**RECORDS SHOWN**
(* There exists an instance of $P_n\,|\,\mathrm{conc}, p_j=1\,|\,L_{\max}$ whose conflict graph $G$ has treewidth $1$ and in which every optimal schedule has makespan $C_{\max}=\log n+1$, where $n$ is the number of jobs.
   Context: In $P_n\,|\,\mathrm{conc}, p_j=1\,|\,L_{\max}$, jobs $\{1,\dots,n\}$ have processing time $1$, release time $0$ and integer due dates $d_j$; there is a conflict graph $G$ on the jobs, and a schedule $C:\{1,\dots,n\}\to\mathbb{N}_{\ge1}$ is feasible iff $C(i)\ne C(j)$ for every edge $\{i,j\}$ of $G$. The objective $L_{\max}=\max_j (C_j-d_j)$ is minimized; $C_{\max}=\max_j C_j$. $\log$ is base $2$. *)

theory Defs
  imports Complex_Main
begin

definition simple_graph :: "'a set \<Rightarrow> 'a set set \<Rightarrow> bool" where
  "simple_graph V E \<longleftrightarrow> finite V \<and> (\<forall>e\<in>E. e \<subseteq> V \<and> card e = 2)"

definition connected_in :: "'a set set \<Rightarrow> 'a set \<Rightarrow> bool" where
  "connected_in F S \<longleftrightarrow>
     (\<forall>u\<in>S. \<forall>v\<in>S. (u, v) \<in> {(a, b). a \<in> S \<and> b \<in> S \<and> {a, b} \<in> F}\<^sup>*)"

definition is_tree :: "'a set \<Rightarrow> 'a set set \<Rightarrow> bool" where
  "is_tree I F \<longleftrightarrow> simple_graph I F \<and> I \<noteq> {} \<and> connected_in F I \<and>
     (\<forall>e\<in>F. \<not> connected_in (F - {e}) I)"

definition tree_decomposition :: "'a set \<Rightarrow> 'a set set \<Rightarrow> nat set \<Rightarrow> nat set set \<Rightarrow> (nat \<Rightarrow> 'a set) \<Rightarrow> bool" where
  "tree_decomposition V E I F B \<longleftrightarrow>
     is_tree I F \<and> (\<forall>t\<in>I. finite (B t) \<and> B t \<subseteq> V) \<and>
     (\<forall>v\<in>V. \<exists>t\<in>I. v \<in> B t) \<and>
     (\<forall>e\<in>E. \<exists>t\<in>I. e \<subseteq> B t) \<and>
     (\<forall>v\<in>V. connected_in F {t\<in>I. v \<in> B t})"

definition treewidth :: "'a set \<Rightarrow> 'a set set \<Rightarrow> nat" where
  "treewidth V E = (LEAST w. \<exists>I F B. tree_decomposition V E I F B \<and> (\<forall>t\<in>I. card (B t) \<le> w + 1))"

text \<open>Scheduling: jobs are 1..n, C j is the completion time of job j.\<close>
definition feasible_schedule :: "nat \<Rightarrow> nat set set \<Rightarrow> (nat \<Rightarrow> nat) \<Rightarrow> bool" where
  "feasible_schedule n E C \<longleftrightarrow>
     (\<forall>j\<in>{1..n}. C j \<ge> 1) \<and> (\<forall>i j. {i, j} \<in> E \<longrightarrow> C i \<noteq> C j)"

definition Lmax :: "nat \<Rightarrow> (nat \<Rightarrow> int) \<Rightarrow> (nat \<Rightarrow> nat) \<Rightarrow> int" where
  "Lmax n d C = Max ((\<lambda>j. int (C j) - d j) ` {1..n})"

definition Cmax :: "nat \<Rightarrow> (nat \<Rightarrow> nat) \<Rightarrow> nat" where
  "Cmax n C = Max (C ` {1..n})"

definition optimal_schedule :: "nat \<Rightarrow> nat set set \<Rightarrow> (nat \<Rightarrow> int) \<Rightarrow> (nat \<Rightarrow> nat) \<Rightarrow> bool" where
  "optimal_schedule n E d C \<longleftrightarrow> feasible_schedule n E C \<and>
     (\<forall>C'. feasible_schedule n E C' \<longrightarrow> Lmax n d C \<le> Lmax n d C')"

end

theory Submission
  imports Defs "HOL-Computational_Algebra.Primes"
begin

text \<open>Take the Fenwick tree on 1..2^k, in which v + 2^j is the parent of v = 2^j * odd, and
  give v the due date j + 1. Scheduling every v at j + 1 is feasible with Lmax = 0, so an optimal
  schedule meets all due dates. A vertex with valuation j has, for each i < j, a child with
  valuation i; by induction these children occupy the slots 1..j, leaving only j + 1 for v. Hence
  every optimal schedule finishes the root 2^k last, at time k + 1 = log n + 1.\<close>

definition induced_edge_rel :: "'a set set \<Rightarrow> 'a set \<Rightarrow> ('a \<times> 'a) set" where
  "induced_edge_rel F S = {(a, b). a \<in> S \<and> b \<in> S \<and> {a, b} \<in> F}"

lemma connected_in_iff_induced_edge_rel:
  "connected_in F S \<longleftrightarrow> (\<forall>u\<in>S. \<forall>v\<in>S. (u, v) \<in> (induced_edge_rel F S)\<^sup>*)"
  by (simp add: connected_in_def induced_edge_rel_def)

lemma connected_in_if_all_reach:
  assumes "r \<in> S" and reach: "\<And>t. t \<in> S \<Longrightarrow> (t, r) \<in> (induced_edge_rel F S)\<^sup>*"
  shows "connected_in F S"
proof -
  have "sym ((induced_edge_rel F S)\<^sup>*)"
    by (intro sym_rtrancl) (auto simp: sym_def induced_edge_rel_def insert_commute)
  then show ?thesis
    unfolding connected_in_iff_induced_edge_rel using reach by (meson rtrancl_trans symD)
qed

lemma treewidth_eq_1I:
  assumes "tree_decomposition V E I F B" "\<forall>t\<in>I. card (B t) \<le> 2"
    and "e \<in> E" "card e = 2"
  shows "treewidth V E = 1"
  unfolding treewidth_def
proof (rule Least_equality)
  show "\<exists>I F B. tree_decomposition V E I F B \<and> (\<forall>t\<in>I. card (B t) \<le> 1 + 1)"
    using assms(1,2) by (metis one_add_one)
next
  fix w assume "\<exists>I F B. tree_decomposition V E I F B \<and> (\<forall>t\<in>I. card (B t) \<le> w + 1)"
  then obtain I F B where dec: "tree_decomposition V E I F B" and width: "\<forall>t\<in>I. card (B t) \<le> w + 1"
    by blast
  then obtain t where "t \<in> I" "e \<subseteq> B t" "finite (B t)"
    using \<open>e \<in> E\<close> unfolding tree_decomposition_def by blast
  then have "card e \<le> w + 1" using width card_mono order_trans by blast
  then show "1 \<le> w" using \<open>card e = 2\<close> by simp
qed

definition parent_edges :: "nat set \<Rightarrow> nat \<Rightarrow> (nat \<Rightarrow> nat) \<Rightarrow> nat set set" where
  "parent_edges I r q = (\<lambda>t. {t, q t}) ` (I - {r})"

locale rooted_by_parent =
  fixes I :: "nat set" and r :: nat and q :: "nat \<Rightarrow> nat"
  assumes finite_vertices: "finite I" and root_in: "r \<in> I"
    and parent_in: "t \<in> I - {r} \<Longrightarrow> q t \<in> I"
    and less_parent: "t \<in> I - {r} \<Longrightarrow> t < q t"
begin

abbreviation parent_rel :: "(nat \<times> nat) set" where
  "parent_rel \<equiv> {(t, q t) | t. t \<in> I - {r}}"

**WHAT YOU HAVE TO DO**
Go over the listing above and copy out each line that includes "Defs".

**EXERCISE RESPONSE**
theory Defs
  imports Defs "HOL-Computational_Algebra.Primes"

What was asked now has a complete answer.